*Recorded data*

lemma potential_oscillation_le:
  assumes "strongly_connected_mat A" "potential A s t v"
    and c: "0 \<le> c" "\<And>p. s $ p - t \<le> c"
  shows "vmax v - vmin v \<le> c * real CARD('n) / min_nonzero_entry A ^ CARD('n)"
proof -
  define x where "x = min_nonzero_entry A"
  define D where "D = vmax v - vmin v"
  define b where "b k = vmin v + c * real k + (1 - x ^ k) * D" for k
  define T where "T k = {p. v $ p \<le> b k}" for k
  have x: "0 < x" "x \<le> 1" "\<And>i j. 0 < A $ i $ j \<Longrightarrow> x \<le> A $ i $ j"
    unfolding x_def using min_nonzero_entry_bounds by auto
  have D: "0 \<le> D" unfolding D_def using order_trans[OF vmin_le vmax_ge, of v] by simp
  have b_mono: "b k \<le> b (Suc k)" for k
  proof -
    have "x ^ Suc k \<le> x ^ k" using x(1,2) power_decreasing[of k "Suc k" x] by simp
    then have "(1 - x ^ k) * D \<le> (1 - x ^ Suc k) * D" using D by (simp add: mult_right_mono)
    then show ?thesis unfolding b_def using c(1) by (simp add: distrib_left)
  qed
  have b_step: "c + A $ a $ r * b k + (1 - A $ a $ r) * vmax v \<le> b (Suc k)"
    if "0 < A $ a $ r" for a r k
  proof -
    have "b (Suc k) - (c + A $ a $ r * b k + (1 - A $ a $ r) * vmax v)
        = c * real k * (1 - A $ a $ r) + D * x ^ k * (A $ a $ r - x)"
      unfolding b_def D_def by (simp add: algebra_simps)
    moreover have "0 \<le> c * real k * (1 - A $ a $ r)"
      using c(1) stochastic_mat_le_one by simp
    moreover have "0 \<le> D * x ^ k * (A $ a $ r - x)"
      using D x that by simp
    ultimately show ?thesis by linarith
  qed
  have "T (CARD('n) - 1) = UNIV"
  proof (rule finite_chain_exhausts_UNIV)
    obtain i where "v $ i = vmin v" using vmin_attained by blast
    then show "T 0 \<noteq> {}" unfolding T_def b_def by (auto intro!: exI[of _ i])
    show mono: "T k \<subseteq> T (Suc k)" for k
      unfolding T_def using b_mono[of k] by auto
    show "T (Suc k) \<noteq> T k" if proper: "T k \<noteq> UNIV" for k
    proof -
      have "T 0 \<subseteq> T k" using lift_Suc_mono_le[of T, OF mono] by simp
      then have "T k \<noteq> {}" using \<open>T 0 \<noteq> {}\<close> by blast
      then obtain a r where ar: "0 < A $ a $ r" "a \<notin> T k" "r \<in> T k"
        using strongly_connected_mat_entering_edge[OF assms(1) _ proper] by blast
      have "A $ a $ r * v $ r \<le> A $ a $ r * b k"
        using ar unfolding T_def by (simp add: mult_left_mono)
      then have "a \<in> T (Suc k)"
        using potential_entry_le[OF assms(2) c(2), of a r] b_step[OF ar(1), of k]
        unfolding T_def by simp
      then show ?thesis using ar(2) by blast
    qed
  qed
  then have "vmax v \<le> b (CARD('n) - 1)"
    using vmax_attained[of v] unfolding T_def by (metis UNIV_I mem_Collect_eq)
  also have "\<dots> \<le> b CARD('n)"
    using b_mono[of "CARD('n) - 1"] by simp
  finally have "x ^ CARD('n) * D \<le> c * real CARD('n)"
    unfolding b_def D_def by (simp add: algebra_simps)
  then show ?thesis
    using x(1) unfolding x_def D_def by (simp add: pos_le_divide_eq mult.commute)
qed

*Exercise instructions*
Check the data for lines with "proof" and give only their number.

*Task answer*
5